Problem to work on:
Nothing is to be output except the lines from the one containing "(simp add: is_inf_def)" through the end of the material, each reproduced exactly.

Records to use:
lemma split_closure_inter_subset_sem:
  fixes S :: "('s, 'p, 'v) gproto"
  assumes fin: "finite (UNIV :: 'p set)"
  shows "split_closure S \<inter> arch_lang A \<subseteq> sem A S"
proof
  fix w
  assume w: "w \<in> split_closure S \<inter> arch_lang A"
  show "w \<in> sem A S"
  proof (cases w)
    case (Fin x)
    obtain g where g: "g \<in> glang S" "interswap_eq w (split_word g)"
      using w by (auto simp: eq_closure_def)
    obtain l where "g = Fin l" using split_word_equiv_Fin[OF fin] g(2) Fin by blast
    then have "is_fin (split_word g)" by (simp add: is_fin_def)
    then have "w \<in> eq_closure {w \<in> split_word ` glang S. is_fin w}"
      using g by (auto simp: eq_closure_def)
    then show ?thesis using w by (simp add: sem_def)
  next
    case (Inf f)
    have "\<forall>u. fprefix u w \<longrightarrow> u \<in> pref (split_closure S \<inter> arch_lang A)"
      using w unfolding pref_def by blast
    moreover have "is_inf w" using Inf by (simp add: is_inf_def)
    ultimately show ?thesis by (simp add: sem_def)
  qed
qed

lemma sem_cong:
  assumes "split_closure S \<inter> arch_lang A = split_closure S \<inter> arch_lang B"
  shows "sem A S = sem B S"
proof -
  have "eq_closure {w \<in> split_word ` glang S. is_fin w} \<inter> arch_lang A =
      eq_closure {w \<in> split_word ` glang S. is_fin w} \<inter> arch_lang B"
    using assms finite_split_closure_subset[of S] by blast
  then show ?thesis unfolding sem_def assms by simp
qed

Answer to this problem:
    moreover have "is_inf w" using Inf by (simp add: is_inf_def)
    ultimately show ?thesis by (simp add: sem_def)
  qed
qed

lemma sem_cong:
  assumes "split_closure S \<inter> arch_lang A = split_closure S \<inter> arch_lang B"
  shows "sem A S = sem B S"
proof -
  have "eq_closure {w \<in> split_word ` glang S. is_fin w} \<inter> arch_lang A =
      eq_closure {w \<in> split_word ` glang S. is_fin w} \<inter> arch_lang B"
    using assms finite_split_closure_subset[of S] by blast
  then show ?thesis unfolding sem_def assms by simp
qed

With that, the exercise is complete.